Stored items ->
↓↓↓
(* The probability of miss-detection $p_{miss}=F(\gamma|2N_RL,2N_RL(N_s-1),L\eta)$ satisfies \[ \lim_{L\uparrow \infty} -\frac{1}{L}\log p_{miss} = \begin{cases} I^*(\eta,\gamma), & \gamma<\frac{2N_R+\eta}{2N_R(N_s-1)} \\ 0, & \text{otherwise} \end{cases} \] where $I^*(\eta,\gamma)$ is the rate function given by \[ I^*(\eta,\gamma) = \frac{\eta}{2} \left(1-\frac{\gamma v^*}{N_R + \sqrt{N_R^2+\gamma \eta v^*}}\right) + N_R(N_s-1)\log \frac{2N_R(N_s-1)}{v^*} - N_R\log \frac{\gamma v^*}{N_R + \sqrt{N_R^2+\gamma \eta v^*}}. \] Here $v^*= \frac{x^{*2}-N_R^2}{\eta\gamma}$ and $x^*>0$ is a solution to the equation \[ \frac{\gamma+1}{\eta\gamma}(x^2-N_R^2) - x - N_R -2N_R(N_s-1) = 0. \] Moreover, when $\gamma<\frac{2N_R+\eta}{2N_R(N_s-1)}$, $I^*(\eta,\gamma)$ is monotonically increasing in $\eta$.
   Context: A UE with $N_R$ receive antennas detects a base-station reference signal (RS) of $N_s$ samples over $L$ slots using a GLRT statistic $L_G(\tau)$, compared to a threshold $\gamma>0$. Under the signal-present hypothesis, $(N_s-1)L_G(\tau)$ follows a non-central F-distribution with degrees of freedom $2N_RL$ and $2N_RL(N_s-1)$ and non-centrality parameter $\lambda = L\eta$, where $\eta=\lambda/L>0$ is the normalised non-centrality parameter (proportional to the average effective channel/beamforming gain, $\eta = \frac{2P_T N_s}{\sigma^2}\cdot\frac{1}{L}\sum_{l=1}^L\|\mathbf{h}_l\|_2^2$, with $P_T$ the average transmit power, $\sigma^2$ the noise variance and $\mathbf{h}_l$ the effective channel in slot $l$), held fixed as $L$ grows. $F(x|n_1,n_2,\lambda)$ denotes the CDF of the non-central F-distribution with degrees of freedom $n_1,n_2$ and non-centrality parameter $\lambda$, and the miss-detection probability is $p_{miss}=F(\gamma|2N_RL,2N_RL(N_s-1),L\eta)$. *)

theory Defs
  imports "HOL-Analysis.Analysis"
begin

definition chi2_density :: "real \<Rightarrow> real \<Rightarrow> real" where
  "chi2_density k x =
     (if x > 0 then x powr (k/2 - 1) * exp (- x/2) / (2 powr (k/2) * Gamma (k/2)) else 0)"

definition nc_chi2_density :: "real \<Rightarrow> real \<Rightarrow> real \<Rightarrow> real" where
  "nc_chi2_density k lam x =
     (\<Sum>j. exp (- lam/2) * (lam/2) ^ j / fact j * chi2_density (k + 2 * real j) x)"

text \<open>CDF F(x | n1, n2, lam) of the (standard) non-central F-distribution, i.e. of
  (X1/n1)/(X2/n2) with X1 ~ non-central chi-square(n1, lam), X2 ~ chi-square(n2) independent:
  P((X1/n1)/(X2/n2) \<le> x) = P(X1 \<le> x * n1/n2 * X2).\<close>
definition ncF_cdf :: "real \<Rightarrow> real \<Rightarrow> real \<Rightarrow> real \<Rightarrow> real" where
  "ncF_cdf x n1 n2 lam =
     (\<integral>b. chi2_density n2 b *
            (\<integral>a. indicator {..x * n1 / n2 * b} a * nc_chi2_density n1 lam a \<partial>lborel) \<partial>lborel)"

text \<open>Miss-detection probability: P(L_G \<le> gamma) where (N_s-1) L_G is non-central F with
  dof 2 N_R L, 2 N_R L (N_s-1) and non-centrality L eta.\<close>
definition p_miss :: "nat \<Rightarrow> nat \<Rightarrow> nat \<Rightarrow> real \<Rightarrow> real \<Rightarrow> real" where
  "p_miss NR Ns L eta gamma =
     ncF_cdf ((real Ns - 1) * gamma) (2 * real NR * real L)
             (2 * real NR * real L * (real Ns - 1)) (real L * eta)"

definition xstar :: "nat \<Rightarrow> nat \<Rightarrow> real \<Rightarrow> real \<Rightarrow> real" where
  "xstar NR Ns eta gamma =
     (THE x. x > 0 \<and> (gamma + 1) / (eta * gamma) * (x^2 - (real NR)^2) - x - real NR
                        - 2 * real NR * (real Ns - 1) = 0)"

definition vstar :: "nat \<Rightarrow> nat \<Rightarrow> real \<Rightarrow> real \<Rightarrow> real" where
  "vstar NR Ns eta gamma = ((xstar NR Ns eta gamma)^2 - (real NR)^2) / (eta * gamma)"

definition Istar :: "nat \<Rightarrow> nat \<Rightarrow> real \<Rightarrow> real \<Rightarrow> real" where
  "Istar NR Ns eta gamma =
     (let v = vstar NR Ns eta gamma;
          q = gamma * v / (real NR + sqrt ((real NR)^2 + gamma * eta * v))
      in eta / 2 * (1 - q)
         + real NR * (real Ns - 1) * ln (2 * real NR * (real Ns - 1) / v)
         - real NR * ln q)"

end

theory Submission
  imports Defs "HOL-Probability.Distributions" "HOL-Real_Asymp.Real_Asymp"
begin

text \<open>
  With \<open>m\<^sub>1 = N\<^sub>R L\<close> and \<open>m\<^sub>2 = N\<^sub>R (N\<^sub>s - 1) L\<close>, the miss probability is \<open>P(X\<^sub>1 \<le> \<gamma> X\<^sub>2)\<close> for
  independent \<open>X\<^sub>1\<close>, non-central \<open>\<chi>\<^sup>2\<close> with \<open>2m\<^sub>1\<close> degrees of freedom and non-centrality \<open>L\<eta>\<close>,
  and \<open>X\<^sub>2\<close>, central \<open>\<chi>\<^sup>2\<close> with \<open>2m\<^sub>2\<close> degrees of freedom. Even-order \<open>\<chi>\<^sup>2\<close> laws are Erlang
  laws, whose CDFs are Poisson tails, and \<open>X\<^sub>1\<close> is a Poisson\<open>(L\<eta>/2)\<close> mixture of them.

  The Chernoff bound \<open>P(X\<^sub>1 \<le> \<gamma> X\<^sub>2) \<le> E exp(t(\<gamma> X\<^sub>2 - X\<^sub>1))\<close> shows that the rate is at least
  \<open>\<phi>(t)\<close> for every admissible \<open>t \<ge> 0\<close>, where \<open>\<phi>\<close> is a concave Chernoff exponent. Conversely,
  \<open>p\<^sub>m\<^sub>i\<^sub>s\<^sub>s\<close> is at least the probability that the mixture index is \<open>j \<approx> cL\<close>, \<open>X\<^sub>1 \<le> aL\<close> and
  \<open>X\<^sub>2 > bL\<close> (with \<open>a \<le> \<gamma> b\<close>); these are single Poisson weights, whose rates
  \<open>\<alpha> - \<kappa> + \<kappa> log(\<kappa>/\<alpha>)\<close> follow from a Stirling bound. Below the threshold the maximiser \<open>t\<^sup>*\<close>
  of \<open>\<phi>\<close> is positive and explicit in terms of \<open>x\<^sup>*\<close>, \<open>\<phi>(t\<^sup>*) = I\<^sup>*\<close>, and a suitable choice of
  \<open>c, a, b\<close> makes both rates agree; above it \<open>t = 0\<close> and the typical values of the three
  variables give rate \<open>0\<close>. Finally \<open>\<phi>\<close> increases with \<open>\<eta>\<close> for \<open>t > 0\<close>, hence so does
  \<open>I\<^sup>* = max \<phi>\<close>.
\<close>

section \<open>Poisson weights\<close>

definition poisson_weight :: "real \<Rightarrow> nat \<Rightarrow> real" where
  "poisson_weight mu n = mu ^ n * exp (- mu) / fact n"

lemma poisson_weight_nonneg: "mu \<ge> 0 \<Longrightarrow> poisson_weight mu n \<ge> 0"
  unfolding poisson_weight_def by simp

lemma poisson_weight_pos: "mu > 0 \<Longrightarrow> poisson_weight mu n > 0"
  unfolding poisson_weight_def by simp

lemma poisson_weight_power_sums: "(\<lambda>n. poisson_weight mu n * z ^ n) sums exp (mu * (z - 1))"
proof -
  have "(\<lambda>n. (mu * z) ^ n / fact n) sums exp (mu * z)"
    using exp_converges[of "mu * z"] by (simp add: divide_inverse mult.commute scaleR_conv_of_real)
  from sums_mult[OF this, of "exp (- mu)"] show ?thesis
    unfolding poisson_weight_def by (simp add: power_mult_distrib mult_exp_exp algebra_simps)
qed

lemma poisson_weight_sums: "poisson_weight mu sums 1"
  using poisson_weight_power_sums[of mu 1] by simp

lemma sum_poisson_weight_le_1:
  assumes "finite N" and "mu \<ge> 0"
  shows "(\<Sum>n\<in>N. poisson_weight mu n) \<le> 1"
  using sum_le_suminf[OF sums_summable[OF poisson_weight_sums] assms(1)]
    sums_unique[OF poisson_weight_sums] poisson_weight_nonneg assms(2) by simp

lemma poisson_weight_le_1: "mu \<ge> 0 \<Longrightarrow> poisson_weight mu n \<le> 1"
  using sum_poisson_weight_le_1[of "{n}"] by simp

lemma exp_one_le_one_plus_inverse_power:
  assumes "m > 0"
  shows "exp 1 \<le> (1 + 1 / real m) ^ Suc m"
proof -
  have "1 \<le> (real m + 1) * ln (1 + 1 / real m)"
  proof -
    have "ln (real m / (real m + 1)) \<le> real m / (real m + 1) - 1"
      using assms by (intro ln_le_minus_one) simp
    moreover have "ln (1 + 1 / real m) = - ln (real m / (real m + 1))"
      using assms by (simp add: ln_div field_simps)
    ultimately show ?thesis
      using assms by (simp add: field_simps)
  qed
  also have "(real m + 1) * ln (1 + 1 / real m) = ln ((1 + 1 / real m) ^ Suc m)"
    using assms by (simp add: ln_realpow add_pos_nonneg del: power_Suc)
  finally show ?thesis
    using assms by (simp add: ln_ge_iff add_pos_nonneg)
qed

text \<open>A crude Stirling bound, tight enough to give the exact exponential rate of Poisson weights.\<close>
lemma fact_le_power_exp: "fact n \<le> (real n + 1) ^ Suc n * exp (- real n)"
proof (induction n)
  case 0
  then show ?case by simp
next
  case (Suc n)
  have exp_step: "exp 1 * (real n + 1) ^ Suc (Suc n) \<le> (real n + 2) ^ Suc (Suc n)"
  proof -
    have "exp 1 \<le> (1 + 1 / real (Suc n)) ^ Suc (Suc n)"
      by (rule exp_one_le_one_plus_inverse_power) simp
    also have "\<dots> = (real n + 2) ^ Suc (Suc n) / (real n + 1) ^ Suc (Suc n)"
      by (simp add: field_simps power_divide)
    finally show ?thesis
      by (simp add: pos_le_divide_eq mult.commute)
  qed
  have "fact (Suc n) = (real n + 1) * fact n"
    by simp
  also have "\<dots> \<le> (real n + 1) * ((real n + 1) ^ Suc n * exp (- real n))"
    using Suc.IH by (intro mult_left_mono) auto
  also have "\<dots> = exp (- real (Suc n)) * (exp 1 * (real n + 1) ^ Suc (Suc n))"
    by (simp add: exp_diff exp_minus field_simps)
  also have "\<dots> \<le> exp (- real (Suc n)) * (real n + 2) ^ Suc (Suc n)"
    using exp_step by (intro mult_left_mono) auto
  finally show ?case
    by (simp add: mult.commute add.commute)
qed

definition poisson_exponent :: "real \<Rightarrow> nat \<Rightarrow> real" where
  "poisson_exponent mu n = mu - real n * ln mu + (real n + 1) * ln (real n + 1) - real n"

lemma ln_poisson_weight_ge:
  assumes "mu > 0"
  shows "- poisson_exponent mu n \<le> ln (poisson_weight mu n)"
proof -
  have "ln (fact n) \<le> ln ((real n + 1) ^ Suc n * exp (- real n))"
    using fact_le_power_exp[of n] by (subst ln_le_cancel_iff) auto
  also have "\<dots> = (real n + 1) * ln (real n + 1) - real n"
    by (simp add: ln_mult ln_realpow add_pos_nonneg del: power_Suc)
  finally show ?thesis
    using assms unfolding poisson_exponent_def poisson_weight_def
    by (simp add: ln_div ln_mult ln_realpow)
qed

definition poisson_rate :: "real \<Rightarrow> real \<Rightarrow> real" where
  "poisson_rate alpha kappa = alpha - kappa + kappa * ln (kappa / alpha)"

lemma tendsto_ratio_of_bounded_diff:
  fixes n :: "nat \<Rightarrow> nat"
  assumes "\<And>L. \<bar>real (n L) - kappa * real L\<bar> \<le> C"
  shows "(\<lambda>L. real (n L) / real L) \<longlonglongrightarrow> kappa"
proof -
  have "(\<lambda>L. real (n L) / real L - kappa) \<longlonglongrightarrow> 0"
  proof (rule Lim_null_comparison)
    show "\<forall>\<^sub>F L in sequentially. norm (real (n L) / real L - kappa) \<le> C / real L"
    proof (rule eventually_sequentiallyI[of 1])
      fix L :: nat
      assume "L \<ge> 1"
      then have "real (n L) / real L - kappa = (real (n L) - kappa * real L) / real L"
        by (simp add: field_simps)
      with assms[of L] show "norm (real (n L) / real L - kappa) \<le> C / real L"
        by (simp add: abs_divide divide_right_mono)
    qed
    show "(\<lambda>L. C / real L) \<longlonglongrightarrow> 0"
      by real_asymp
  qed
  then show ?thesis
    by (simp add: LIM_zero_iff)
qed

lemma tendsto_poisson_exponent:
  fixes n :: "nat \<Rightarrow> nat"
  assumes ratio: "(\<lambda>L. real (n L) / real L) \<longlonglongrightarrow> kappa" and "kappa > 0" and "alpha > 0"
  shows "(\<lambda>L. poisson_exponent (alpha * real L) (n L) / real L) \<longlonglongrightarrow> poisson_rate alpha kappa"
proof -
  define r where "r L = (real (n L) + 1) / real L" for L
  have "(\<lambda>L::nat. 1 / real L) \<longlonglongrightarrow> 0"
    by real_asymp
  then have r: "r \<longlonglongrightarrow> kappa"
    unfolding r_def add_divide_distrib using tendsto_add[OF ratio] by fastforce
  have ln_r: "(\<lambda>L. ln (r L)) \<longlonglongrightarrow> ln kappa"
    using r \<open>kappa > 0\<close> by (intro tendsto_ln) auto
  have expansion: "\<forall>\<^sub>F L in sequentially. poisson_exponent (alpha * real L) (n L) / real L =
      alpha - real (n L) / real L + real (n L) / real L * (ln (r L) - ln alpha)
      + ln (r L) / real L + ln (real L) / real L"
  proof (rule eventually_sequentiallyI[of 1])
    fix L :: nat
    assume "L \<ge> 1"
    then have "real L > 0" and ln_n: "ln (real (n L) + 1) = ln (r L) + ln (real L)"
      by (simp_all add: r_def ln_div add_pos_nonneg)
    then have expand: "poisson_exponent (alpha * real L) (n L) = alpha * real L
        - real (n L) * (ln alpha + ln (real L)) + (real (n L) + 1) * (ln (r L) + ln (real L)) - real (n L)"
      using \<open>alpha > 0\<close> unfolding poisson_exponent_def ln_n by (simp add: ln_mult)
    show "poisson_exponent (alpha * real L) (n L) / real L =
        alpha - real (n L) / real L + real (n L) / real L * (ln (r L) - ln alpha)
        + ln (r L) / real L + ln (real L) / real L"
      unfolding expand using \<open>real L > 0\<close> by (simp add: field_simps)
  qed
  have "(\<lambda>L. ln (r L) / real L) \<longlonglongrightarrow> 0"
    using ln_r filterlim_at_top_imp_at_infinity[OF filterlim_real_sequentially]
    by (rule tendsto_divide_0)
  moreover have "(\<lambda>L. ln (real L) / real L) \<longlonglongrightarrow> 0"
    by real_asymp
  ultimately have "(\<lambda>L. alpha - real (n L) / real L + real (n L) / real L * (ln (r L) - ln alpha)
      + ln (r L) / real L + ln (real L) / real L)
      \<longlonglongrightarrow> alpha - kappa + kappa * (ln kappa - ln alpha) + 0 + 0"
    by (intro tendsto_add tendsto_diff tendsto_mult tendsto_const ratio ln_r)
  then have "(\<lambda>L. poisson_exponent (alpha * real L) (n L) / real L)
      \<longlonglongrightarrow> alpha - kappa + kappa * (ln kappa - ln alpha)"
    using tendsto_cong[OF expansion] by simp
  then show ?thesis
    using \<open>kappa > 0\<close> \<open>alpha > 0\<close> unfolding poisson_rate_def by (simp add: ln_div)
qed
↑↑↑
What is needed -> How many of the lines above hold the word "imports"? Give only that number.

Your response -> 2